(* Let $A\in M_n(R)$ be non-singular, with left definite form $\bar A$ and right definite form $\tilde A$, i.e. $A=P\bar A=\tilde A Q$ for invertible matrices $P,Q$ and definite matrices $\bar A,\tilde A$. Then (a) $\bar A^{\nabla\nabla}\cong_\nu \bar A^{\nabla}\cong_\nu A^\nabla A$ and $\tilde A^{\nabla\nabla}\cong_\nu \tilde A^{\nabla}\cong_\nu AA^\nabla$; (b) $A^{\nabla\nabla}\cong_\nu PA^\nabla P$.
   Context: Supertropical semiring $R=T\cup G\cup\{-\infty\}$: $T=\mathcal G$ an ordered abelian group (tangible), $G=\{a^\nu\}$ a copy (ghost); $a+b$ is the element of larger $\nu$-value if the $\nu$-values differ and $a^\nu$ if equal; multiplication adds $\nu$-values, is ghost if a factor is ghost, $-\infty$ absorbing; $0_R=-\infty$, $1_R=0$. For matrices, $A\cong_\nu B$ means $a_{i,j}^\nu=b_{i,j}^\nu$ for all $i,j$. $\det(A)=\sum_{\sigma\in S_n}\prod_i a_{i,\sigma(i)}$; $A$ non-singular means $\det(A)\in T$. $\operatorname{adj}(A)_{i,j}=\det(A_{j,i})$ (minor deleting row $j$, column $i$), and for non-singular $A$, $A^\nabla=\det(A)^{-1}\operatorname{adj}(A)$; $A^{\nabla\nabla}=(A^\nabla)^\nabla$. A matrix is invertible iff it is a generalized permutation matrix (permutation matrix times diagonal matrix with tangible diagonal). A matrix is definite if its diagonal entries are $1_R$ and its determinant is $1_R$. Every non-singular $A$ can be written $A=P\bar A$ ($P$ invertible, $\bar A$ definite; left definite form) and $A=\tilde A Q$ ($Q$ invertible, $\tilde A$ definite; right definite form), obtained by moving the unique dominant permutation track to the diagonal and normalizing it to $1_R$. *)

theory Defs
  imports "HOL-Combinatorics.Permutations"
begin

text \<open>Tangible elements Tng a, ghost elements Gst a (= a^nu), and the zero element NInf (= -infinity).\<close>
datatype 'g st = Tng 'g | Gst 'g | NInf

fun st_val :: "'g st \<Rightarrow> 'g" where
  "st_val (Tng a) = a" | "st_val (Gst a) = a" | "st_val NInf = undefined"

fun nu :: "'g st \<Rightarrow> 'g st" where
  "nu (Tng a) = Gst a" | "nu (Gst a) = Gst a" | "nu NInf = NInf"

fun tangible :: "'g st \<Rightarrow> bool" where
  "tangible (Tng a) = True" | "tangible _ = False"

instantiation st :: (linordered_ab_group_add) comm_monoid_add
begin
definition zero_st :: "'a st" where "zero_st = NInf"
fun plus_st :: "'a st \<Rightarrow> 'a st \<Rightarrow> 'a st" where
  "plus_st NInf y = y"
| "plus_st x NInf = x"
| "plus_st x y = (if st_val x < st_val y then y else if st_val y < st_val x then x
                  else Gst (st_val x))"
instance
proof
  fix a b c :: "'a st"
  show "a + b + c = a + (b + c)"
    by (cases a; cases b; cases c) auto
  show "a + b = b + a"
    by (cases a; cases b) auto
  show "0 + a = a" by (simp add: zero_st_def)
qed
end

instantiation st :: (linordered_ab_group_add) comm_monoid_mult
begin
definition one_st :: "'a st" where "one_st = Tng 0"
fun times_st :: "'a st \<Rightarrow> 'a st \<Rightarrow> 'a st" where
  "times_st NInf y = NInf"
| "times_st x NInf = NInf"
| "times_st (Tng a) (Tng b) = Tng (a + b)"
| "times_st x y = Gst (st_val x + st_val y)"
instance
proof
  fix a b c :: "'a st"
  show "a * b * c = a * (b * c)"
    by (cases a; cases b; cases c) (auto simp: add.assoc)
  show "a * b = b * a"
    by (cases a; cases b) (auto simp: add.commute)
  show "1 * a = a" by (cases a) (simp_all add: one_st_def)
qed
end

text \<open>Inverse of a tangible element (used only for tangible determinants; on ghosts
  we take the nu-inverse, on NInf it is NInf).\<close>
fun st_inv :: "'g::linordered_ab_group_add st \<Rightarrow> 'g st" where
  "st_inv (Tng a) = Tng (- a)" | "st_inv (Gst a) = Gst (- a)" | "st_inv NInf = NInf"

section \<open>n x n matrices, represented as functions on indices below n\<close>

type_synonym 'g smat = "nat \<Rightarrow> nat \<Rightarrow> 'g st"

definition mat_eq :: "nat \<Rightarrow> 'g smat \<Rightarrow> 'g smat \<Rightarrow> bool" where
  "mat_eq n A B \<longleftrightarrow> (\<forall>i<n. \<forall>j<n. A i j = B i j)"

definition nu_equiv :: "nat \<Rightarrow> 'g smat \<Rightarrow> 'g smat \<Rightarrow> bool" where
  "nu_equiv n A B \<longleftrightarrow> (\<forall>i<n. \<forall>j<n. nu (A i j) = nu (B i j))"

definition mat_mult :: "nat \<Rightarrow> 'g::linordered_ab_group_add smat \<Rightarrow> 'g smat \<Rightarrow> 'g smat" where
  "mat_mult n A B = (\<lambda>i j. \<Sum>k<n. A i k * B k j)"

definition mat_id :: "'g::linordered_ab_group_add smat" where
  "mat_id = (\<lambda>i j. if i = j then 1 else 0)"

definition sdet :: "nat \<Rightarrow> 'g::linordered_ab_group_add smat \<Rightarrow> 'g st" where
  "sdet n A = (\<Sum>\<sigma>\<in>{\<sigma>. \<sigma> permutes {..<n}}. \<Prod>i<n. A i (\<sigma> i))"

definition nonsingular :: "nat \<Rightarrow> 'g::linordered_ab_group_add smat \<Rightarrow> bool" where
  "nonsingular n A \<longleftrightarrow> tangible (sdet n A)"

definition minor :: "'g smat \<Rightarrow> nat \<Rightarrow> nat \<Rightarrow> 'g smat" where
  "minor A r c = (\<lambda>i j. A (if i < r then i else Suc i) (if j < c then j else Suc j))"

definition sadj :: "nat \<Rightarrow> 'g::linordered_ab_group_add smat \<Rightarrow> 'g smat" where
  "sadj n A = (\<lambda>i j. sdet (n - 1) (minor A j i))"

definition nabla :: "nat \<Rightarrow> 'g::linordered_ab_group_add smat \<Rightarrow> 'g smat" where
  "nabla n A = (\<lambda>i j. st_inv (sdet n A) * sadj n A i j)"

definition invertible_smat :: "nat \<Rightarrow> 'g::linordered_ab_group_add smat \<Rightarrow> bool" where
  "invertible_smat n P \<longleftrightarrow>
     (\<exists>B. mat_eq n (mat_mult n P B) mat_id \<and> mat_eq n (mat_mult n B P) mat_id)"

■ ■ ■ ■ ■ ■ ■

**INSTRUCTIONS FOR THE TASK**
Each line of the listing is to be output verbatim.

**OUTPUT**
(* Let $A\in M_n(R)$ be non-singular, with left definite form $\bar A$ and right definite form $\tilde A$, i.e. $A=P\bar A=\tilde A Q$ for invertible matrices $P,Q$ and definite matrices $\bar A,\tilde A$. Then (a) $\bar A^{\nabla\nabla}\cong_\nu \bar A^{\nabla}\cong_\nu A^\nabla A$ and $\tilde A^{\nabla\nabla}\cong_\nu \tilde A^{\nabla}\cong_\nu AA^\nabla$; (b) $A^{\nabla\nabla}\cong_\nu PA^\nabla P$.
   Context: Supertropical semiring $R=T\cup G\cup\{-\infty\}$: $T=\mathcal G$ an ordered abelian group (tangible), $G=\{a^\nu\}$ a copy (ghost); $a+b$ is the element of larger $\nu$-value if the $\nu$-values differ and $a^\nu$ if equal; multiplication adds $\nu$-values, is ghost if a factor is ghost, $-\infty$ absorbing; $0_R=-\infty$, $1_R=0$. For matrices, $A\cong_\nu B$ means $a_{i,j}^\nu=b_{i,j}^\nu$ for all $i,j$. $\det(A)=\sum_{\sigma\in S_n}\prod_i a_{i,\sigma(i)}$; $A$ non-singular means $\det(A)\in T$. $\operatorname{adj}(A)_{i,j}=\det(A_{j,i})$ (minor deleting row $j$, column $i$), and for non-singular $A$, $A^\nabla=\det(A)^{-1}\operatorname{adj}(A)$; $A^{\nabla\nabla}=(A^\nabla)^\nabla$. A matrix is invertible iff it is a generalized permutation matrix (permutation matrix times diagonal matrix with tangible diagonal). A matrix is definite if its diagonal entries are $1_R$ and its determinant is $1_R$. Every non-singular $A$ can be written $A=P\bar A$ ($P$ invertible, $\bar A$ definite; left definite form) and $A=\tilde A Q$ ($Q$ invertible, $\tilde A$ definite; right definite form), obtained by moving the unique dominant permutation track to the diagonal and normalizing it to $1_R$. *)

theory Defs
  imports "HOL-Combinatorics.Permutations"
begin

text \<open>Tangible elements Tng a, ghost elements Gst a (= a^nu), and the zero element NInf (= -infinity).\<close>
datatype 'g st = Tng 'g | Gst 'g | NInf

fun st_val :: "'g st \<Rightarrow> 'g" where
  "st_val (Tng a) = a" | "st_val (Gst a) = a" | "st_val NInf = undefined"

fun nu :: "'g st \<Rightarrow> 'g st" where
  "nu (Tng a) = Gst a" | "nu (Gst a) = Gst a" | "nu NInf = NInf"

fun tangible :: "'g st \<Rightarrow> bool" where
  "tangible (Tng a) = True" | "tangible _ = False"

instantiation st :: (linordered_ab_group_add) comm_monoid_add
begin
definition zero_st :: "'a st" where "zero_st = NInf"
fun plus_st :: "'a st \<Rightarrow> 'a st \<Rightarrow> 'a st" where
  "plus_st NInf y = y"
| "plus_st x NInf = x"
| "plus_st x y = (if st_val x < st_val y then y else if st_val y < st_val x then x
                  else Gst (st_val x))"
instance
proof
  fix a b c :: "'a st"
  show "a + b + c = a + (b + c)"
    by (cases a; cases b; cases c) auto
  show "a + b = b + a"
    by (cases a; cases b) auto
  show "0 + a = a" by (simp add: zero_st_def)
qed
end

instantiation st :: (linordered_ab_group_add) comm_monoid_mult
begin
definition one_st :: "'a st" where "one_st = Tng 0"
fun times_st :: "'a st \<Rightarrow> 'a st \<Rightarrow> 'a st" where
  "times_st NInf y = NInf"
| "times_st x NInf = NInf"
| "times_st (Tng a) (Tng b) = Tng (a + b)"
| "times_st x y = Gst (st_val x + st_val y)"
instance
proof
  fix a b c :: "'a st"
  show "a * b * c = a * (b * c)"
    by (cases a; cases b; cases c) (auto simp: add.assoc)
  show "a * b = b * a"
    by (cases a; cases b) (auto simp: add.commute)
  show "1 * a = a" by (cases a) (simp_all add: one_st_def)
qed
end

text \<open>Inverse of a tangible element (used only for tangible determinants; on ghosts
  we take the nu-inverse, on NInf it is NInf).\<close>
fun st_inv :: "'g::linordered_ab_group_add st \<Rightarrow> 'g st" where
  "st_inv (Tng a) = Tng (- a)" | "st_inv (Gst a) = Gst (- a)" | "st_inv NInf = NInf"

section \<open>n x n matrices, represented as functions on indices below n\<close>

type_synonym 'g smat = "nat \<Rightarrow> nat \<Rightarrow> 'g st"

definition mat_eq :: "nat \<Rightarrow> 'g smat \<Rightarrow> 'g smat \<Rightarrow> bool" where
  "mat_eq n A B \<longleftrightarrow> (\<forall>i<n. \<forall>j<n. A i j = B i j)"

definition nu_equiv :: "nat \<Rightarrow> 'g smat \<Rightarrow> 'g smat \<Rightarrow> bool" where
  "nu_equiv n A B \<longleftrightarrow> (\<forall>i<n. \<forall>j<n. nu (A i j) = nu (B i j))"

definition mat_mult :: "nat \<Rightarrow> 'g::linordered_ab_group_add smat \<Rightarrow> 'g smat \<Rightarrow> 'g smat" where
  "mat_mult n A B = (\<lambda>i j. \<Sum>k<n. A i k * B k j)"

definition mat_id :: "'g::linordered_ab_group_add smat" where
  "mat_id = (\<lambda>i j. if i = j then 1 else 0)"

definition sdet :: "nat \<Rightarrow> 'g::linordered_ab_group_add smat \<Rightarrow> 'g st" where
  "sdet n A = (\<Sum>\<sigma>\<in>{\<sigma>. \<sigma> permutes {..<n}}. \<Prod>i<n. A i (\<sigma> i))"

definition nonsingular :: "nat \<Rightarrow> 'g::linordered_ab_group_add smat \<Rightarrow> bool" where
  "nonsingular n A \<longleftrightarrow> tangible (sdet n A)"

definition minor :: "'g smat \<Rightarrow> nat \<Rightarrow> nat \<Rightarrow> 'g smat" where
  "minor A r c = (\<lambda>i j. A (if i < r then i else Suc i) (if j < c then j else Suc j))"

definition sadj :: "nat \<Rightarrow> 'g::linordered_ab_group_add smat \<Rightarrow> 'g smat" where
  "sadj n A = (\<lambda>i j. sdet (n - 1) (minor A j i))"

definition nabla :: "nat \<Rightarrow> 'g::linordered_ab_group_add smat \<Rightarrow> 'g smat" where
  "nabla n A = (\<lambda>i j. st_inv (sdet n A) * sadj n A i j)"

definition invertible_smat :: "nat \<Rightarrow> 'g::linordered_ab_group_add smat \<Rightarrow> bool" where
  "invertible_smat n P \<longleftrightarrow>
     (\<exists>B. mat_eq n (mat_mult n P B) mat_id \<and> mat_eq n (mat_mult n B P) mat_id)"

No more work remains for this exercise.